**Work request**
Among the lines below, take the one holding "by (simp add: bij_betw_def endo_inj_surj)", the one holding "using assms(1) by (simp add: prime_dvd_mult_iff)", and all lines between them. Set them down exactly.

[Stored data]
■ ■ ■

section \<open>Power sums modulo a prime\<close>

lemma fermat_theorem_int:
  fixes p y :: int
  assumes "prime p" "\<not> p dvd y"
  shows "[y ^ nat (p - 1) = 1] (mod p)"
proof -
  have "residues p"
    using prime_gt_1_int[OF assms(1)] by (simp add: residues_def)
  moreover have "coprime y p"
    using assms by (simp add: prime_imp_coprime coprime_commute)
  ultimately have "[y ^ totient (nat p) = 1] (mod p)"
    by (rule residues.euler_theorem)
  moreover have "totient (nat p) = nat (p - 1)"
    using assms(1) by (simp add: totient_prime prime_nat_iff_prime nat_diff_distrib)
  ultimately show ?thesis
    by simp
qed

lemma prime_primitive_root_int:
  fixes p :: int
  assumes "prime p"
  obtains g where "\<not> p dvd g" "\<And>e. [g ^ e = 1] (mod p) \<longleftrightarrow> nat (p - 1) dvd e"
proof -
  obtain P where P: "p = int P"
    using prime_ge_0_int[OF assms] nonneg_int_cases by blast
  with assms have "prime P"
    by simp
  then obtain g where g: "residue_primroot P g"
    using prime_primitive_root_exists prime_gt_1_nat by blast
  then have ord: "ord P g = nat (p - 1)"
    using \<open>prime P\<close> by (simp add: residue_primroot_def totient_prime P nat_diff_distrib)
  have "coprime P g"
    using g by (simp add: residue_primroot_def)
  then have "\<not> p dvd int g"
    using \<open>prime P\<close> unfolding P int_dvd_int_iff
    by (metis coprime_absorb_left not_prime_unit)
  moreover have "[int g ^ e = 1] (mod p) \<longleftrightarrow> nat (p - 1) dvd e" for e
    using ord ord_divides[of g e P] cong_int_iff[of "g ^ e" 1 P] unfolding P by simp
  ultimately show ?thesis
    using that by blast
qed

lemma bij_betw_mult_mod_int:
  fixes g p :: int
  assumes "coprime g p" "0 < p"
  shows "bij_betw (\<lambda>y. g * y mod p) {0..<p} {0..<p}"
proof -
  have "inj_on (\<lambda>y. g * y mod p) {0..<p}"
  proof
    fix y y' assume "y \<in> {0..<p}" "y' \<in> {0..<p}" "g * y mod p = g * y' mod p"
    with assms(1) show "y = y'"
      by (metis atLeastLessThan_iff cong_def cong_less_imp_eq_int cong_mult_lcancel)
  qed
  moreover have "(\<lambda>y. g * y mod p) ` {0..<p} \<subseteq> {0..<p}"
    using assms(2) by auto
  ultimately show ?thesis
    by (simp add: bij_betw_def endo_inj_surj)
qed

lemma power_sum_mod_prime_eq_0:
  fixes p :: int
  assumes "prime p" "\<not> nat (p - 1) dvd e"
  shows "[(\<Sum>y\<in>{0..<p}. y ^ e) = 0] (mod p)"
proof -
  obtain g where g: "\<not> p dvd g" "\<And>e. [g ^ e = 1] (mod p) \<longleftrightarrow> nat (p - 1) dvd e"
    using prime_primitive_root_int[OF assms(1)] by blast
  have "coprime g p"
    using prime_imp_coprime[OF assms(1) g(1)] by (simp add: coprime_commute)
  define S where "S = (\<Sum>y\<in>{0..<p}. y ^ e)"
  have "S = (\<Sum>y\<in>{0..<p}. (g * y mod p) ^ e)"
    unfolding S_def using bij_betw_mult_mod_int[OF \<open>coprime g p\<close> prime_gt_0_int[OF assms(1)]]
    by (rule sum.reindex_bij_betw[symmetric])
  also have "[\<dots> = (\<Sum>y\<in>{0..<p}. (g * y) ^ e)] (mod p)"
    by (intro cong_sum cong_pow) (simp add: cong_def)
  also have "(\<Sum>y\<in>{0..<p}. (g * y) ^ e) = g ^ e * S"
    by (simp add: S_def power_mult_distrib sum_distrib_left)
  finally have "[S = g ^ e * S] (mod p)" .
  moreover have "(g ^ e - 1) * S = - (S - g ^ e * S)"
    by (simp add: algebra_simps)
  ultimately have "p dvd (g ^ e - 1) * S"
    unfolding cong_iff_dvd_diff by (simp only: dvd_minus_iff)
  moreover have "\<not> p dvd g ^ e - 1"
    using g(2)[of e] assms(2) by (simp add: cong_iff_dvd_diff)
  ultimately have "p dvd S"
    using assms(1) by (simp add: prime_dvd_mult_iff)
  then show ?thesis
    by (simp add: S_def cong_0_iff)
qed

lemma power_sum_mod_prime:
  fixes p :: int
  assumes "prime p"
  shows "[(\<Sum>y\<in>{0..<p}. y ^ e) = (if 0 < e \<and> nat (p - 1) dvd e then -1 else 0)] (mod p)"
proof -
  have p2: "p \<ge> 2"
    using assms prime_ge_2_int by blast
  consider "e = 0" | "0 < e" "nat (p - 1) dvd e" | "\<not> nat (p - 1) dvd e"
    by fastforce
  then show ?thesis
  proof cases
    case 1
    then show ?thesis
      using p2 by (simp add: cong_0_iff)
  next
    case 2
    then obtain r where r: "e = nat (p - 1) * r"
      by blast
    have "{0..<p} = insert 0 {1..<p}"
      using p2 by auto
    then have "(\<Sum>y\<in>{0..<p}. y ^ e) = (\<Sum>y\<in>{1..<p}. y ^ e)"
      using \<open>0 < e\<close> by simp
    also have "[\<dots> = (\<Sum>y\<in>{1..<p}. 1)] (mod p)"
    proof (rule cong_sum)
      fix y assume "y \<in> {1..<p}"
      then have "\<not> p dvd y"
        by (auto simp: zdvd_not_zless)
      then show "[y ^ e = 1] (mod p)"
        using cong_pow[OF fermat_theorem_int[OF assms], of y r] by (simp add: r power_mult)
    qed
    also have "[(\<Sum>y\<in>{1..<p}. 1) = (-1::int)] (mod p)"
      using p2 by (simp add: cong_iff_dvd_diff)
    finally show ?thesis
      using 2 by simp
  next
    case 3
    then show ?thesis
      using power_sum_mod_prime_eq_0[OF assms] by simp
  qed
qed

lemma dvd_iff_eq_below_double:
  fixes n q :: nat
  assumes "0 < n" "n < 2 * q"
  shows "q dvd n \<longleftrightarrow> n = q"
proof
  assume "q dvd n"
  then obtain r where r: "n = q * r"
    by blast
  have "0 < r"
    using assms(1) r by (cases r) auto
  moreover have "r < 2"
    using assms(2) r by (simp add: mult.commute[of 2])
  ultimately show "n = q"
    using r by (metis One_nat_def less_2_cases mult.right_neutral not_less_zero)
qed simp

lemma power_mult_binomial_expand:
  fixes y :: "'a::comm_ring_1"
  shows "y ^ u * (1 - y) ^ v = (\<Sum>i\<le>v. of_nat (v choose i) * (-1) ^ i * y ^ (u + i))"
proof -
  have "(1 - y) ^ v = (- y + 1) ^ v"
    by simp
  also have "\<dots> = (\<Sum>i\<le>v. of_nat (v choose i) * (- y) ^ i * 1 ^ (v - i))"
    by (rule binomial_ring)
  also have "\<dots> = (\<Sum>i\<le>v. of_nat (v choose i) * (-1) ^ i * y ^ i)"
    by (simp add: power_minus[of y] mult.assoc)
  finally show ?thesis
    by (simp add: sum_distrib_left power_add mult.left_commute)
qed

lemma binomial_power_sum_mod_prime:
  fixes p :: int
  assumes "prime p" "0 < u" "u + v < 2 * nat (p - 1)"
  shows "[(\<Sum>y\<in>{0..<p}. y ^ u * (1 - y) ^ v) =
          (if u \<le> nat (p - 1) then - ((-1) ^ (nat (p - 1) - u) * int (v choose (nat (p - 1) - u)))
           else 0)] (mod p)"
proof -
  define q where "q = nat (p - 1)"
  define c where "c i = (-1) ^ i * int (v choose i)" for i
  have "(\<Sum>y\<in>{0..<p}. y ^ u * (1 - y) ^ v) = (\<Sum>y\<in>{0..<p}. \<Sum>i\<le>v. c i * y ^ (u + i))"
    by (rule sum.cong[OF refl]) (simp add: power_mult_binomial_expand c_def mult_ac)
  also have "\<dots> = (\<Sum>i\<le>v. c i * (\<Sum>y\<in>{0..<p}. y ^ (u + i)))"
    by (subst sum.swap) (simp add: sum_distrib_left)
  also have "[\<dots> = (\<Sum>i\<le>v. c i * (if i = q - u \<and> u \<le> q then -1 else 0))] (mod p)"
  proof (intro cong_sum cong_mult cong_refl)
    fix i assume "i \<in> {..v}"
    then have "0 < u + i \<and> q dvd u + i \<longleftrightarrow> i = q - u \<and> u \<le> q"
      using assms(2,3) dvd_iff_eq_below_double[of "u + i" q] by (auto simp: q_def)
    then show "[(\<Sum>y\<in>{0..<p}. y ^ (u + i)) = (if i = q - u \<and> u \<le> q then -1 else 0)] (mod p)"
      using power_sum_mod_prime[OF assms(1), of "u + i"] by (simp add: q_def)
  qed
  also have "(\<Sum>i\<le>v. c i * (if i = q - u \<and> u \<le> q then -1 else 0)) =
             (\<Sum>i\<le>v. if i = q - u then (if u \<le> q then - c i else 0) else 0)"
    by (rule sum.cong) auto
  also have "\<dots> = (if u \<le> q then - c (q - u) else 0)"
    by (simp add: sum.delta c_def binomial_eq_0)
  finally show ?thesis
    unfolding c_def q_def .
qed

section \<open>Reflection of binomial products\<close>

lemma prod_list_map_upt: "(\<Prod>x\<leftarrow>map f [m..<n]. g x) = (\<Prod>j\<in>{m..<n}. g (f j))"
  using prod.distinct_set_conv_list[of "[m..<n]" "\<lambda>j. g (f j)"] by (simp add: o_def)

■ ■ ■

**Problem solution**
    by (simp add: bij_betw_def endo_inj_surj)
qed

lemma power_sum_mod_prime_eq_0:
  fixes p :: int
  assumes "prime p" "\<not> nat (p - 1) dvd e"
  shows "[(\<Sum>y\<in>{0..<p}. y ^ e) = 0] (mod p)"
proof -
  obtain g where g: "\<not> p dvd g" "\<And>e. [g ^ e = 1] (mod p) \<longleftrightarrow> nat (p - 1) dvd e"
    using prime_primitive_root_int[OF assms(1)] by blast
  have "coprime g p"
    using prime_imp_coprime[OF assms(1) g(1)] by (simp add: coprime_commute)
  define S where "S = (\<Sum>y\<in>{0..<p}. y ^ e)"
  have "S = (\<Sum>y\<in>{0..<p}. (g * y mod p) ^ e)"
    unfolding S_def using bij_betw_mult_mod_int[OF \<open>coprime g p\<close> prime_gt_0_int[OF assms(1)]]
    by (rule sum.reindex_bij_betw[symmetric])
  also have "[\<dots> = (\<Sum>y\<in>{0..<p}. (g * y) ^ e)] (mod p)"
    by (intro cong_sum cong_pow) (simp add: cong_def)
  also have "(\<Sum>y\<in>{0..<p}. (g * y) ^ e) = g ^ e * S"
    by (simp add: S_def power_mult_distrib sum_distrib_left)
  finally have "[S = g ^ e * S] (mod p)" .
  moreover have "(g ^ e - 1) * S = - (S - g ^ e * S)"
    by (simp add: algebra_simps)
  ultimately have "p dvd (g ^ e - 1) * S"
    unfolding cong_iff_dvd_diff by (simp only: dvd_minus_iff)
  moreover have "\<not> p dvd g ^ e - 1"
    using g(2)[of e] assms(2) by (simp add: cong_iff_dvd_diff)
  ultimately have "p dvd S"
    using assms(1) by (simp add: prime_dvd_mult_iff)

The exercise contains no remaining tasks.